Study Materials:[1]L. Baltrunas and F. Ricci. Experimental evaluation ofcontext-dependent Collaborative filtering using item splitting..
[2]yong zheng,robin Burke,Bamshad mobasher.splitting approaches for Context-aware recommendation:An empirical study.2014








Referral System (1)--splitting approaches for Context-aware recommendation

Related Article

Contact Us

The content source of this page is from Internet, which doesn't represent Alibaba Cloud's opinion; products and services mentioned on that page don't have any relationship with Alibaba Cloud. If the content of the page makes you feel confusing, please write us an email, we will handle the problem within 5 days after receiving your email.

If you find any instances of plagiarism from the community, please send an email to: info-contact@alibabacloud.com and provide relevant evidence.
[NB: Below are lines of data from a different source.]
(* Let $\mathcal H$ be a separable complex Hilbert space and $S_2$ the Hilbert space of Hilbert–Schmidt operators on $\mathcal H$ with $\langle\eta,\tau\rangle_2=\operatorname{tr}(\eta^*\tau)$. Let $A\in\mathcal B(S_2)$ be given by $A\eta=a_1\eta b_1+a_2\eta b_2$ with $a_1,a_2,b_1,b_2\in\mathcal B(\mathcal H)$. If $A$ is positive definite, then there exist non-negative $\hat a_1,\hat a_2\in\mathcal B(\mathcal H)$ with $\ker\hat a_1\cap\ker\hat a_2=\{0\}$ and positive definite $\hat b_1,\hat b_2\in\mathcal B(\mathcal H)$ such that $A\eta=\hat a_1\eta\hat b_1+\hat a_2\eta\hat b_2$ for all $\eta\in S_2$.
   Context: For a bounded operator $T$ on a Hilbert space: $T\ge0$ if $\langle x,Tx\rangle\ge0$ for all $x$; positive definite if $\inf\{\langle x,Tx\rangle:\|x\|=1\}>0$. Inner products are anti-linear in the left argument. *)

theory Defs
  imports "HOL-Analysis.Analysis"
begin

class complex_vector = real_vector +
  fixes scaleC :: "complex \<Rightarrow> 'a \<Rightarrow> 'a"  (infixr \<open>*\<^sub>C\<close> 75)
  assumes scaleC_add_right: "a *\<^sub>C (x + y) = a *\<^sub>C x + a *\<^sub>C y"
    and scaleC_add_left: "(a + b) *\<^sub>C x = a *\<^sub>C x + b *\<^sub>C x"
    and scaleC_scaleC: "a *\<^sub>C (b *\<^sub>C x) = (a * b) *\<^sub>C x"
    and scaleC_one: "1 *\<^sub>C x = x"
    and scaleR_scaleC: "scaleR r x = complex_of_real r *\<^sub>C x"

text \<open>Complex inner product spaces; the inner product is anti-linear in the left argument,
  and the norm is the one induced by the inner product.\<close>
class complex_inner = complex_vector + real_normed_vector +
  fixes cinner :: "'a \<Rightarrow> 'a \<Rightarrow> complex"
  assumes cinner_commute: "cinner x y = cnj (cinner y x)"
    and cinner_add_right: "cinner x (y + z) = cinner x y + cinner x z"
    and cinner_scaleC_right: "cinner x (a *\<^sub>C y) = a * cinner x y"
    and cinner_ge_zero: "Im (cinner x x) = 0 \<and> Re (cinner x x) \<ge> 0"
    and cinner_eq_zero_iff: "cinner x x = 0 \<longleftrightarrow> x = 0"
    and norm_eq_sqrt_cinner: "norm x = sqrt (Re (cinner x x))"

text \<open>A (complex) Hilbert space is a complete complex inner product space; we use the
  sort "{complex_inner, complete_space}".\<close>

definition bounded_clinear :: "('a::{complex_vector, real_normed_vector} \<Rightarrow> 'b::{complex_vector, real_normed_vector}) \<Rightarrow> bool" where
  "bounded_clinear T \<longleftrightarrow>
     (\<forall>x y. T (x + y) = T x + T y) \<and> (\<forall>c x. T (c *\<^sub>C x) = c *\<^sub>C T x) \<and>
     (\<exists>K. \<forall>x. norm (T x) \<le> norm x * K)"

text \<open>Non-negativity and positive definiteness of an operator T on a subspace
  V w.r.t. a sesquilinear form ip:
  "T \<ge> 0" iff "\<langle>x,Tx\<rangle> \<ge> 0" for all x;
  positive definite iff "inf {\<langle>x,Tx\<rangle> : \<parallel>x\<parallel> = 1} > 0",
  i.e. there is "c > 0" with "\<langle>x,Tx\<rangle> \<ge> c \<parallel>x\<parallel>^2".\<close>
definition nonneg_wrt :: "('v \<Rightarrow> 'v \<Rightarrow> complex) \<Rightarrow> 'v set \<Rightarrow> ('v \<Rightarrow> 'v) \<Rightarrow> bool" where
  "nonneg_wrt ip V T \<longleftrightarrow> (\<forall>x\<in>V. Im (ip x (T x)) = 0 \<and> Re (ip x (T x)) \<ge> 0)"

definition posdef_wrt :: "('v \<Rightarrow> 'v \<Rightarrow> complex) \<Rightarrow> 'v set \<Rightarrow> ('v \<Rightarrow> 'v) \<Rightarrow> bool" where
  "posdef_wrt ip V T \<longleftrightarrow>
     (\<exists>c>0. \<forall>x\<in>V. Im (ip x (T x)) = 0 \<and> Re (ip x (T x)) \<ge> c * Re (ip x x))"

definition orthonormal_basis :: "'a::complex_inner set \<Rightarrow> bool" where
  "orthonormal_basis B \<longleftrightarrow>
     (\<forall>e\<in>B. cinner e e = 1) \<and> (\<forall>e\<in>B. \<forall>f\<in>B. e \<noteq> f \<longrightarrow> cinner e f = 0) \<and>
     (\<forall>x. (\<forall>e\<in>B. cinner e x = 0) \<longrightarrow> x = 0)"

definition hilbert_schmidt :: "'a::complex_inner set \<Rightarrow> ('a \<Rightarrow> 'a) \<Rightarrow> bool" where
  "hilbert_schmidt B \<eta> \<longleftrightarrow> bounded_clinear \<eta> \<and> ((\<lambda>e. (norm (\<eta> e))\<^sup>2) summable_on B)"

text \<open>"\<langle>\<eta>,\<tau>\<rangle>_2 = tr(\<eta>^*\<tau>) = \<Sum>_e \<langle>e, \<eta>^*\<tau> e\<rangle> = \<Sum>_e \<langle>\<eta> e, \<tau> e\<rangle>".\<close>
definition hs_inner :: "'a::complex_inner set \<Rightarrow> ('a \<Rightarrow> 'a) \<Rightarrow> ('a \<Rightarrow> 'a) \<Rightarrow> complex" where
  "hs_inner B \<eta> \<tau> = (\<Sum>\<^sub>\<infinity>e\<in>B. cinner (\<eta> e) (\<tau> e))"

end

theory Submission
  imports Defs
begin

text \<open>
  Pairing A with the rank-one operators z \<mapsto> <y, z> x in the Hilbert--Schmidt inner
  product gives the elementary form E(x, y) = <x, a1 x> <y, b1 y> + <x, a2 x> <y, b2 y>, so
  positive definiteness of A makes E real with E(x, y) \<ge> c |x|^2 |y|^2.

  Replacing (a1, a2) by M (a1, a2) and (b1, b2) by the inverse transpose of M applied to
  (b1, b2), for an invertible 2 \<times> 2 matrix M, changes neither A nor E. With first row
  (<y1, b1 y1>, <y1, b2 y1>) for a unit vector y1, the new first coefficient A1 satisfies
  <x, A1 x> = E(x, y1) and is positive definite; a second row (<y2, b1 y2>, <y2, b2 y2>) makes
  <x, A2 x> = E(x, y2) real, and if no such row is independent of the first, the new B2 vanishes.

  Writing <x, A2 x> = t(x) <x, A1 x>, the form factors as E(x, y) = <x, A1 x> (<y, B1 y> +
  t(x) <y, B2 y>), so B1 + s B2 is positive definite for every s between smin = inf t and
  smax = sup t. If t is constant then A2 = t A1 and A is the single term A1 \<eta> (B1 + t B2).
  Otherwise A \<eta> = C1 \<eta> (B1 + smin B2) + C2 \<eta> (B1 + smax B2) with the nonnegative operators
  C1 = (smax A1 - A2) / (smax - smin) and C2 = (A2 - smin A1) / (smax - smin), whose sum A1
  has trivial kernel.
\<close>

section \<open>Complex inner product spaces\<close>

global_interpretation cvec: module "scaleC :: complex \<Rightarrow> 'a \<Rightarrow> 'a::complex_vector"
  by standard (simp_all add: scaleC_add_right scaleC_add_left scaleC_scaleC scaleC_one)

lemma cinner_add_left: "cinner (x + y) z = cinner x z + cinner y (z::'a::complex_inner)"
  by (metis cinner_commute cinner_add_right complex_cnj_add)

lemma cinner_scaleC_left: "cinner (a *\<^sub>C x) y = cnj a * cinner x (y::'a::complex_inner)"
  by (metis cinner_commute cinner_scaleC_right complex_cnj_mult)

global_interpretation cinner_right: additive "cinner x" for x :: "'a::complex_inner"
  by standard (rule cinner_add_right)

global_interpretation cinner_left: additive "\<lambda>x. cinner x y" for y :: "'a::complex_inner"
  by standard (rule cinner_add_left)

declare cinner_right.zero [simp] cinner_left.zero [simp]

lemma cinner_self: "cinner x x = of_real ((norm (x::'a::complex_inner))\<^sup>2)"
  using cinner_ge_zero[of x] norm_eq_sqrt_cinner[of x] by (simp add: complex_eq_iff)

lemma cnj_mult_self: "cnj z * z = complex_of_real ((cmod z)\<^sup>2)"
  by (simp add: mult.commute flip: complex_norm_square)

lemma norm_scaleC: "norm (c *\<^sub>C x) = cmod c * norm (x::'a::complex_inner)"
proof -
  have "complex_of_real ((norm (c *\<^sub>C x))\<^sup>2) = cnj c * c * cinner x x"
    by (subst cinner_self[symmetric]) (simp add: cinner_scaleC_left cinner_scaleC_right)
  also have "\<dots> = complex_of_real ((cmod c * norm x)\<^sup>2)"
    by (simp add: cinner_self cnj_mult_self power_mult_distrib)
  finally show ?thesis
    by (simp only: of_real_eq_iff) simp
qed

lemma cinner_Cauchy_Schwarz: "cmod (cinner x y) \<le> norm x * norm (y::'a::complex_inner)"
proof (cases "y = 0")
  case True
  then show ?thesis by simp
next
  case False
  define r where "r = (norm y)\<^sup>2"
  define w where "w = cinner y x"
  have r: "r > 0" using False by (simp add: r_def)
  have "0 \<le> Re (cinner (x - (w / r) *\<^sub>C y) (x - (w / r) *\<^sub>C y))"
    using cinner_ge_zero by blast
  also have "\<dots> = (norm x)\<^sup>2 - (cmod w)\<^sup>2 / r"
    using r by (simp add: cinner_left.diff cinner_right.diff cinner_scaleC_left cinner_scaleC_right
        cinner_self[of x] cinner_self[of y] w_def[symmetric] cinner_commute[of x y] flip: r_def)
       (simp add: field_simps power2_eq_square cmod_power2[of w, unfolded power2_eq_square])
  finally have "(cmod w)\<^sup>2 \<le> (norm x * norm y)\<^sup>2"
    using r by (simp add: field_simps r_def)
  then show ?thesis
    by (simp add: w_def cinner_commute[of x y] power2_le_iff_abs_le)
qed

section \<open>Bounded operators and their quadratic forms\<close>

lemma bounded_clinear_additive: "bounded_clinear T \<Longrightarrow> Modules.additive T"
  unfolding bounded_clinear_def Modules.additive_def by blast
A staff member will contact you within 5 working days.

A Free Trial That Lets You Build Big!

Start building with 50+ products and up to 12 months usage for Elastic Compute Service

  • Sales Support

    1 on 1 presale consultation

  • After-Sales Support

    24/7 Technical Support 6 Free Tickets per Quarter Faster Response

  • Alibaba Cloud offers highly flexible support services tailored to meet your exact needs.